这个周末,歌手兼词曲创作者莱昂纳德·科恩点上一支香烟,庆祝他的80岁生日(9月21日——译注)。去年他宣布,自己打算一到80岁就恢复吸烟。“这是重新开始的好年纪,”他说。
At any age, taking up smoking is not sensible. Both the smoker and those who breathe his secondhand smoke can suffer not only long-term but acute health problems, including infections and asthma. And yet, Mr. Cohen’s plan presents a provocative question: When should we set aside a life lived for the future and, instead, embrace the pleasures of the present?
吸烟在任何年纪都是不明智的。吸烟者和那些吸二手烟的人都会出现健康问题,既有长期的,也有急性的,比如感染和哮喘等。但是科恩的计划提出了一个刺激的问题:我们什么时候可以把未来的人生抛到一边,全新享受当下的快乐?
At the start of the 20th century, only one-half of 1 percent of the United States population was over the age of 80. Industrialized nations were preoccupied with infectious diseases such as tuberculosis and polio. Many of the common diseases of aging, such as osteoporosis, were not even thought of as diseases.
在20世纪伊始,美国只有0.5%的人口超过80岁。肺结核和脊髓灰质炎等传染性疾病在工业化国家发病率很高。骨质疏松等普通的老年疾病在当时甚至不被视为疾病。
Today, 3.6 percent of the population is over 80, and life is heavily prescribed not only with the behaviors we should avoid, but the medications we ought to take. More than half of adults age 65 and older are taking five or more prescription medications, over-the-counter medications or dietary supplements, many of them designed not to treat acute suffering, but instead, to reduce the chances of future suffering. Stroke, heart attacks, heart failure, kidney failure, hip fracture — the list is long, and with the United States Department of Health and Human Services’ plan to prevent Alzheimer’s disease by 2025, it grows ever more ambitious.
如今,美国3.6%的人口年过八旬,而我们的生活也被严格地规定了:不仅要注意避免某些行为,还要注意吃药。65岁以上的人之中,有一半人以上要吃五种乃至更多处方药、非处方药或膳食补充剂,其中很多并非用来治疗急性病,而是为了降低未来的发病率。中风、心脏病、心力衰竭、肾衰、髋关节骨折……这个名单很长,而且美国卫生和公众服务部计划到2025年实现预防阿兹海默症,这个名单还会变得更庞大。
Aging in the 21st century is all about risk and its reduction. Insurers reward customers for regular attendance at a gym or punish them if they smoke. Physicians are warned by pharmaceutical companies that even after they have prescribed drugs to reduce their patients’ risk of heart disease, a “residual risk” remains — more drugs are often prescribed. One fitness product tagline captures the zeitgeist: “Your health account is your wealth account! Long live living long!”
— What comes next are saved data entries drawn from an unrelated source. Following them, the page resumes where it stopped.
(* Let $G$ be a group with finite generating set $S$. If the Cayley graph $Cay(G,S)$ is $\delta$-hyperbolic, then $G$ is $[4\delta+2,\,4\delta+3]$-chordal with respect to $S$.
   Context: $S^{\pm1}=S\cup S^{-1}\setminus\{e\}$; $Cay(G,S)$ has vertex set $G$, edges $\{g,gs\}$ ($s\in S^{\pm1}$), each edge isometric to $[0,1]$, with the path-length metric. A geodesic metric space is $\delta$-hyperbolic if every geodesic triangle is $\delta$-thin: each side lies in the closed $\delta$-neighborhood of the union of the other two sides. A relation $s_1\cdots s_n=e$ with $n>2$, $s_i\in S^{\pm1}$, is simple if $s_p\cdots s_q=e$ holds exactly when $(p,q)=(1,n)$. $G$ is $[i_0,k]$-chordal with respect to $S$ if for every simple relation $s_1\cdots s_n=e$ with $n\ge k$ there exist $1\le i\le i_0$, $i<j\le n$ and $s'_1,\dots,s'_r\in S^{\pm1}$ with $s_i\cdots s_j=s'_1\cdots s'_r$ and $r\le\min\{j-i,\,n-j+i-2\}$. *)

theory Defs
  imports "HOL-Algebra.Algebra"
begin

definition Spm :: "('a, 'b) monoid_scheme \<Rightarrow> 'a set \<Rightarrow> 'a set" where
  "Spm G S = (S \<union> (\<lambda>s. inv\<^bsub>G\<^esub> s) ` S) - {\<one>\<^bsub>G\<^esub>}"

definition wprod :: "('a, 'b) monoid_scheme \<Rightarrow> 'a list \<Rightarrow> 'a" where
  "wprod G w = foldr (\<lambda>x y. x \<otimes>\<^bsub>G\<^esub> y) w \<one>\<^bsub>G\<^esub>"

text \<open>The subword s_p ... s_q of s_1 ... s_n (1-based indices).\<close>
definition subw :: "'a list \<Rightarrow> nat \<Rightarrow> nat \<Rightarrow> 'a list" where
  "subw xs p q = take (Suc q - p) (drop (p - 1) xs)"
(* Let $k\ge1$ (possibly $k=\infty$), let $n_i$ ($1\le i\le k$) be positive integers, and let $\mathbb F_\theta^+$ be the single-vertex $k$-graph underlying the standard product of the odometers $\{(\mathbb Z,[n_i])\}_{i=1}^k$. The following are equivalent: (1) the $n_i$ are pairwise coprime; (2) for all $1\le i<j\le k$ and $(\mathfrak s,\mathfrak t')\in[n_i]\times[n_j]$ there is a unique $(\mathfrak s',\mathfrak t)\in[n_i]\times[n_j]$ with $x^i_{\mathfrak s}x^j_{\mathfrak t}=x^j_{\mathfrak t'}x^i_{\mathfrak s'}$; (3) any two $\mu,\nu\in\mathbb F_\theta^+$ having a right common multiple have a unique right least common multiple, and it has degree $d(\mu)\vee d(\nu)$; (4) $\mathbb F_\theta^+$ is right LCM.
   Context: $[m]=\{0,\dots,m-1\}$. $\mathbb F_\theta^+$ is the monoid generated by $x^i_{\mathfrak s}$ ($1\le i\le k$, $\mathfrak s\in[n_i]$) subject to $x^i_{\mathfrak s}x^j_{\mathfrak t}=x^j_{\mathfrak t'}x^i_{\mathfrak s'}$ for $i<j$ whenever $\mathfrak s+\mathfrak tn_i=\mathfrak t'+\mathfrak s'n_j$ ($\mathfrak s,\mathfrak s'\in[n_i]$, $\mathfrak t,\mathfrak t'\in[n_j]$); it is a single-vertex $k$-graph with degree map $d(x^i_{\mathfrak s})=e_i\in\mathbb N^k$ (unique factorization holds). $p$ is a right multiple of $q$ if $p=qr$ for some $r$; a monoid is right LCM if any two elements having a right common multiple have a right least common multiple (a common right multiple of which every common right multiple is a right multiple). *)

theory Defs
  imports Main "HOL-Library.Extended_Nat"
begin

definition color :: "enat \<Rightarrow> nat \<Rightarrow> bool" where
  "color k i \<longleftrightarrow> 1 \<le> i \<and> enat i \<le> k"

text \<open>A generator x^i_s is encoded as the pair (i, s); words are lists of generators.\<close>
definition valid_word :: "enat \<Rightarrow> (nat \<Rightarrow> nat) \<Rightarrow> (nat \<times> nat) list \<Rightarrow> bool" where
  "valid_word k n w \<longleftrightarrow> (\<forall>(i, s) \<in> set w. color k i \<and> s < n i)"

definition basic_rel :: "enat \<Rightarrow> (nat \<Rightarrow> nat) \<Rightarrow> (nat \<times> nat) list \<Rightarrow> (nat \<times> nat) list \<Rightarrow> bool" where
  "basic_rel k n a b \<longleftrightarrow> (\<exists>i j s t t' s'. color k i \<and> color k j \<and> i < j \<and>
      s < n i \<and> t < n j \<and> t' < n j \<and> s' < n i \<and> s + t * n i = t' + s' * n j \<and>
      a = [(i, s), (j, t)] \<and> b = [(j, t'), (i, s')])"
lemma forcer_forces:
  assumes "1 \<le> t" and "v \<in> newly_filled V E C t"
  shows "forcer V E C t v \<in> filled_after V E C (t - 1)"
    and "v \<in> nbhd V E (forcer V E C t v)"
    and "nbhd V E (forcer V E C t v) - filled_after V E C (t - 1) = {v}"
proof -
  have "\<exists>u. u \<in> filled_after V E C (t - 1) \<and> v \<in> nbhd V E u
      \<and> nbhd V E u - filled_after V E C (t - 1) = {v}"
    using assms filled_after_pred[OF assms(1), of V E C]
    by (auto simp: newly_filled_def prop_step_def)
  then have "forcer V E C t v \<in> filled_after V E C (t - 1) \<and> v \<in> nbhd V E (forcer V E C t v)
      \<and> nbhd V E (forcer V E C t v) - filled_after V E C (t - 1) = {v}"
    unfolding forcer_def by (rule someI_ex)
  then show "forcer V E C t v \<in> filled_after V E C (t - 1)"
    and "v \<in> nbhd V E (forcer V E C t v)"
    and "nbhd V E (forcer V E C t v) - filled_after V E C (t - 1) = {v}"
    by blast+
qed

lemma sum_trace_y:
  assumes "simple_graph V E" and "1 \<le> t"
  shows "(\<Sum>u\<in>nbhd V E v. trace_y V E C (u, v) t) = of_bool (v \<in> newly_filled V E C t)"
proof (cases "v \<in> newly_filled V E C t")
  case True
  let ?u = "forcer V E C t v"
  have "E ?u v"
    using forcer_forces(2)[OF assms(2) True] assms(1) by (simp add: mem_nbhd_iff)
  then have "?u \<in> nbhd V E v"
    using assms(1) by (simp add: mem_nbhd_iff_sym)
  then have "nbhd V E v \<inter> {u. u = ?u} = {?u}"
    by blast
  moreover have "(\<Sum>u\<in>nbhd V E v. trace_y V E C (u, v) t)
      = real (card (nbhd V E v \<inter> {u. u = ?u}))"
    using True finite_nbhd[OF assms(1)] by (simp add: trace_y_def)
  ultimately show ?thesis
    using True by simp
qed (simp add: trace_y_def)

lemma trace_x_Suc:
  "1 \<le> t \<Longrightarrow> trace_x V E C v t = trace_x V E C v (t - 1) + of_bool (v \<in> newly_filled V E C t)"
  using filled_after_mono[of "t - 1" t V E C] by (auto simp: trace_x_def newly_filled_def)

lemma trace_x_telescope:
  "trace_x V E C v 0 + (\<Sum>s\<in>{1..t}. of_bool (v \<in> newly_filled V E C s)) = trace_x V E C v t"
proof (induction t)
  case (Suc t)
  then show ?case
    using trace_x_Suc[of "Suc t" V E C v] by simp
qed simp
(* In the completion $\widehat{\mathbf{Sym}}$ (formal infinite sums of homogeneous elements), let $\mathbf{t}=\sum_{k\ge0}(-1)^kT_{2k+1}$ with $T_{2k+1}=R_{(2^k,1)}$, and let $\tilde\sigma_1=\sum_{n\ge0}\tilde S_n$. Then $\tilde\sigma_1=(1+\mathbf{t})(1-\mathbf{t})^{-1}$, and $$\log\tilde\sigma_1=\log(1+\mathbf{t})-\log(1-\mathbf{t})=2\sum_{k\ge0}\frac{\mathbf{t}^{2k+1}}{2k+1}=2\sum_{I}\frac{(-1)^{(|I|-\ell(I))/2}}{\ell(I)}\,T^I,$$ where the last sum runs over all compositions $I$ with all parts odd and with an odd number of parts $\ell(I)$, $|I|$ is the sum of the parts of $I$, and $T^I=T_{i_1}\cdots T_{i_r}$.
   Context: $\mathbf{Sym}$ is the free associative $\mathbb{Q}$-algebra on $S_1,S_2,\dots$ ($S_0=1$, $\deg S_n=n$). Ribbons $R_J$ are defined by $S_{i_1}\cdots S_{i_r}=\sum_{J\models n,\ \operatorname{Des}(J)\subseteq\operatorname{Des}(I)}R_J$, where $\operatorname{Des}(I)$ is the set of partial sums $i_1,\dots,i_1+\cdots+i_{r-1}$. $\Lambda_n=R_{(1^n)}$, $\Lambda_0=1$, and $\tilde S_n=\sum_{k=0}^n\Lambda_kS_{n-k}$ (so $\tilde S_0=1$). $(2^k,1)$ is the composition with $k$ parts $2$ followed by a part $1$. *)

theory Defs
  imports Complex_Main "HOL-Library.Function_Algebras" "HOL-Library.Groups_Big_Fun"
begin

text \<open>Model of the completion of Sym: an element is the family of its coefficients
  in the basis S^I (I a composition, i.e. a list of positive naturals).
  Coefficients at lists containing 0 are meaningless and are 0 for all elements built here.
  Addition/subtraction are pointwise (Function_Algebras); the product is concatenation
  product (Sym is free on S_1, S_2, ...).\<close>

type_synonym ncsf = "nat list \<Rightarrow> rat"

definition comps :: "nat \<Rightarrow> nat list set" where
  "comps n = {I. sum_list I = n \<and> 0 \<notin> set I}"

definition nc_one :: ncsf where
  "nc_one = (\<lambda>K. if K = [] then 1 else 0)"

definition nc_mult :: "ncsf \<Rightarrow> ncsf \<Rightarrow> ncsf" where
  "nc_mult f g = (\<lambda>K. \<Sum>i\<le>length K. f (take i K) * g (drop i K))"

definition nc_smult :: "rat \<Rightarrow> ncsf \<Rightarrow> ncsf" where
  "nc_smult c f = (\<lambda>K. c * f K)"

primrec nc_pow :: "ncsf \<Rightarrow> nat \<Rightarrow> ncsf" where
  "nc_pow f 0 = nc_one"
| "nc_pow f (Suc n) = nc_mult f (nc_pow f n)"

definition nc_sum_set :: "'a set \<Rightarrow> ('a \<Rightarrow> ncsf) \<Rightarrow> ncsf" where
  "nc_sum_set A F = (\<lambda>K. Sum_any (\<lambda>a. if a \<in> A then F a K else 0))"

abbreviation nc_sum :: "('a \<Rightarrow> ncsf) \<Rightarrow> ncsf" where
  "nc_sum F \<equiv> nc_sum_set UNIV F"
在21世纪,衰老只与风险以及和它所带来的衰退有关。保险公司奖励客户常去健身,如果他们吸烟,就会惩罚他们。制药公司告诫医生们,就算他们给病人开了减少心脏病发病率的药,但仍然有“残余风险”——于是医生们就经常开出更多的药。一种健身产品的宣传词把握了这种时代精神:“健康就是财富!长寿万岁!”
But when is it time to stop saving and spend some of our principal? If you thought you were going to die soon, you just might light up, as well as stop taking your daily aspirin, statin and blood pressure pill. You would spend more time and money on present pleasures, like a dinner out with friends, than on future anxieties.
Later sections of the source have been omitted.